Extracted records

(* Fix an observation sequence $\{s_t,a_t\}_{t\in\mathbb Z}$, $\theta,\hat\theta\in\Theta$, a time $t$, an indexed family $\{\rho^\theta_t\}_{t\in\mathbb Z}$ as below, and any probability measure $\varphi$ on $\mathcal O\times\{0,1\}$. Then $$\big\|\varphi K^{\hat\theta,\theta}_{F,t}-\varphi K^{\theta,\theta}_{F,t}\big\|_{TV}\le\frac{\max_{o_{t-1},o_t,b_t}h(\theta;o_{t-1},s_t,a_t,o_t,b_t)}{\min_{o_{t-1},o_t,b_t}h(\theta;o_{t-1},s_t,a_t,o_t,b_t)}\cdot\frac{L_{\theta,\|\hat\theta-\theta\|_2}\,\|\hat\theta-\theta\|_2}{\min_{o_{t-1},o_t,b_t}h(\hat\theta;o_{t-1},s_t,a_t,o_t,b_t)}.$$
   Context: $\mathcal S,\mathcal A,\mathcal O$ are finite sets; $\Theta=\Theta_{hi}\times\Theta_{lo}\times\Theta_b$ is a convex compact subset of a Euclidean space. There are policies $\pi_{hi}(o\mid s;\theta_{hi})$ (distribution on $\mathcal O$), $\pi_{lo}(a\mid s,o;\theta_{lo})$ (distribution on $\mathcal A$), $\pi_b(b\mid s,o';\theta_b)$ (distribution on $\{0,1\}$); standing assumption: on an open set $\tilde\Theta\supseteq\Theta$ they are defined, strictly positive and continuously differentiable in $\theta$. For fixed $\zeta\in(0,1)$, $\bar\pi_{hi}(o_t\mid s_t,o_{t-1},b_t;\theta_{hi})$ equals $\pi_{hi}(o_t\mid s_t;\theta_{hi})$ if $b_t=1$, $1-\zeta+\zeta/|\mathcal O|$ if $b_t=0,o_t=o_{t-1}$, $\zeta/|\mathcal O|$ if $b_t=0,o_t\ne o_{t-1}$. Define $h(\theta;o_{t-1},s_t,a_t,o_t,b_t)=\pi_b(b_t\mid s_t,o_{t-1};\theta_b)\bar\pi_{hi}(o_t\mid s_t,o_{t-1},b_t;\theta_{hi})\pi_{lo}(a_t\mid s_t,o_t;\theta_{lo})$. For $\theta\in\Theta,\delta>0$, $L_{\theta,\delta}$ is the smallest constant $L$ such that for all values of $(o_{t-1},s_t,a_t,o_t,b_t)$, $\tilde\theta\mapsto h(\tilde\theta;o_{t-1},s_t,a_t,o_t,b_t)$ is $L$-Lipschitz (in $\|\cdot\|_2$) on $\{\tilde\theta\in\Theta:\|\tilde\theta-\theta\|_2\le\delta\}$. Given the observation sequence, the backward operator $B^\theta_t$ maps a probability measure $\rho$ on $\mathcal O\times\{0,1\}$ to the probability measure $B^\theta_t\rho(o_t,b_t)\propto\sum_{o_{t+1},b_{t+1}}h(\theta;o_t,s_{t+1},a_{t+1},o_{t+1},b_{t+1})\rho(o_{t+1},b_{t+1})$ (normalized). $\{\rho^\theta_t\}_{t\in\mathbb Z}$ is a family of strictly positive probability measures on $\mathcal O\times\{0,1\}$ with $B^\theta_t\rho^\theta_{t+1}=\rho^\theta_t$ for all $t$. For $\hat\theta\in\Theta$, the forward smoothing operator is $\varphi K^{\hat\theta,\theta}_{F,t}(o_t,b_t)=C^{\hat\theta,\theta}_F\sum_{o_{t-1},b_{t-1}}\frac{h(\hat\theta;o_{t-1},s_t,a_t,o_t,b_t)\rho^\theta_t(o_t,b_t)\varphi(o_{t-1},b_{t-1})}{\sum_{o'_t,b'_t}h(\theta;o_{t-1},s_t,a_t,o'_t,b'_t)\rho^\theta_t(o'_t,b'_t)}$, where $C^{\hat\theta,\theta}_F>0$ normalizes the result to a probability measure. $\|\nu_1-\nu_2\|_{TV}=\frac12\sum|\nu_1-\nu_2|$. *)

theory Defs
  imports "HOL-Analysis.Analysis"
begin

(* Parameters: theta = (theta_hi, theta_lo, theta_b) :: 'h \<times> 'l \<times> 'b.
   The product norm of Isabelle is the Euclidean (L2) norm of the concatenation. *)

definition pibar_hi ::
  "real \<Rightarrow> ('h \<Rightarrow> 's \<Rightarrow> 'o::finite \<Rightarrow> real) \<Rightarrow> 'h \<Rightarrow> 's \<Rightarrow> 'o \<Rightarrow> bool \<Rightarrow> 'o \<Rightarrow> real" where
  "pibar_hi zeta pi_hi th s o_prev b o_cur =
     (if b then pi_hi th s o_cur
      else if o_cur = o_prev then 1 - zeta + zeta / real CARD('o)
      else zeta / real CARD('o))"

definition hfun ::
  "real \<Rightarrow> ('h \<Rightarrow> 's \<Rightarrow> 'o::finite \<Rightarrow> real) \<Rightarrow> ('l \<Rightarrow> 's \<Rightarrow> 'o \<Rightarrow> 'a \<Rightarrow> real)
   \<Rightarrow> ('b \<Rightarrow> 's \<Rightarrow> 'o \<Rightarrow> bool \<Rightarrow> real)
   \<Rightarrow> 'h \<times> 'l \<times> 'b \<Rightarrow> 'o \<Rightarrow> 's \<Rightarrow> 'a \<Rightarrow> 'o \<Rightarrow> bool \<Rightarrow> real" where
  "hfun zeta pi_hi pi_lo pi_b th o_prev s a o_cur b =
     pi_b (snd (snd th)) s o_prev b * pibar_hi zeta pi_hi (fst th) s o_prev b o_cur
     * pi_lo (fst (snd th)) s o_cur a"

definition Lconst ::
  "('p::metric_space) set \<Rightarrow> ('p \<Rightarrow> 'o \<Rightarrow> 's \<Rightarrow> 'a \<Rightarrow> 'o \<Rightarrow> bool \<Rightarrow> real) \<Rightarrow> 'p \<Rightarrow> real \<Rightarrow> real" where
  "Lconst Theta h th delta =
     Inf {L. \<forall>o_prev s a o_cur b.
               L-lipschitz_on (Theta \<inter> cball th delta) (\<lambda>th'. h th' o_prev s a o_cur b)}"

definition C1_on :: "('p::real_normed_vector) set \<Rightarrow> ('p \<Rightarrow> real) \<Rightarrow> bool" where
  "C1_on U f \<longleftrightarrow> (\<exists>D. (\<forall>x\<in>U. (f has_derivative blinfun_apply (D x)) (at x)) \<and> continuous_on U D)"

definition is_prob :: "('x::finite \<Rightarrow> real) \<Rightarrow> bool" where
  "is_prob nu \<longleftrightarrow> (\<forall>x. 0 \<le> nu x) \<and> sum nu UNIV = 1"

definition normalize :: "('x::finite \<Rightarrow> real) \<Rightarrow> 'x \<Rightarrow> real" where
  "normalize u = (\<lambda>x. u x / sum u UNIV)"

definition backward ::
  "('o \<Rightarrow> 's \<Rightarrow> 'a \<Rightarrow> 'o \<Rightarrow> bool \<Rightarrow> real) \<Rightarrow> (int \<Rightarrow> 's) \<Rightarrow> (int \<Rightarrow> 'a) \<Rightarrow> int
    \<Rightarrow> ('o::finite \<times> bool \<Rightarrow> real) \<Rightarrow> ('o \<times> bool \<Rightarrow> real)" where
  "backward hth s a t rho = normalize (\<lambda>(o1, b1).
      \<Sum>(o2, b2)\<in>UNIV. hth o1 (s (t+1)) (a (t+1)) o2 b2 * rho (o2, b2))"

(* forward smoothing operator phi K^{hat theta, theta}_{F,t};
   hhat = h(hat theta; ...), hth = h(theta; ...), rho_t = rho^theta_t *)
definition forwardK ::
  "('o \<Rightarrow> 's \<Rightarrow> 'a \<Rightarrow> 'o \<Rightarrow> bool \<Rightarrow> real) \<Rightarrow> ('o \<Rightarrow> 's \<Rightarrow> 'a \<Rightarrow> 'o \<Rightarrow> bool \<Rightarrow> real)
    \<Rightarrow> 's \<Rightarrow> 'a \<Rightarrow> ('o::finite \<times> bool \<Rightarrow> real) \<Rightarrow> ('o \<times> bool \<Rightarrow> real) \<Rightarrow> ('o \<times> bool \<Rightarrow> real)" where
  "forwardK hhat hth st act rho_t phi = normalize (\<lambda>(o1, b1).
      \<Sum>(o0, b0)\<in>UNIV. hhat o0 st act o1 b1 * rho_t (o1, b1) * phi (o0, b0)
         / (\<Sum>(o2, b2)\<in>UNIV. hth o0 st act o2 b2 * rho_t (o2, b2)))"

definition tv_dist :: "('x::finite \<Rightarrow> real) \<Rightarrow> ('x \<Rightarrow> real) \<Rightarrow> real" where
  "tv_dist nu1 nu2 = (1/2) * (\<Sum>x\<in>UNIV. \<bar>nu1 x - nu2 x\<bar>)"

end

theory Submission
  imports Defs
begin

(* Both kernels normalise mixtures  sum_p phi p * H p x * rho x / D p  with the same denominators
   D p = sum_y h(theta; p, y) rho y, which lie between min h(theta) and max h(theta). Replacing
   h(theta) by h(hat theta) in the numerators moves every term by at most L delta, so the two
   unnormalised measures are at l1-distance at most L delta / min h(theta), while the perturbed one
   has mass Z >= min h(hat theta) / max h(theta). Renormalising a measure of mass Z costs a factor
   at most 2 / Z in l1-distance, and the 1/2 in the total variation absorbs the 2. The C^1 hypotheses serve to make the set
   of Lipschitz constants in Lconst nonempty, so that its infimum is not a junk value. *)

lemma is_prob_weighted_sum_ge:
  assumes "is_prob r" "\<And>y. m \<le> f y"
  shows "m \<le> (\<Sum>y\<in>UNIV. f y * r y)"
proof -
  have "m = (\<Sum>y\<in>UNIV. m * r y)"
    using assms(1) by (simp add: is_prob_def sum_distrib_left[symmetric])
  also have "\<dots> \<le> (\<Sum>y\<in>UNIV. f y * r y)"
    using assms by (intro sum_mono mult_right_mono) (auto simp: is_prob_def)
  finally show ?thesis .
qed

> [PROBLEM DESCRIPTION] Your task is to find every line above containing the word "imports" and copy it.

> [WRITTEN SOLUTION]
  imports "HOL-Analysis.Analysis"
  imports Defs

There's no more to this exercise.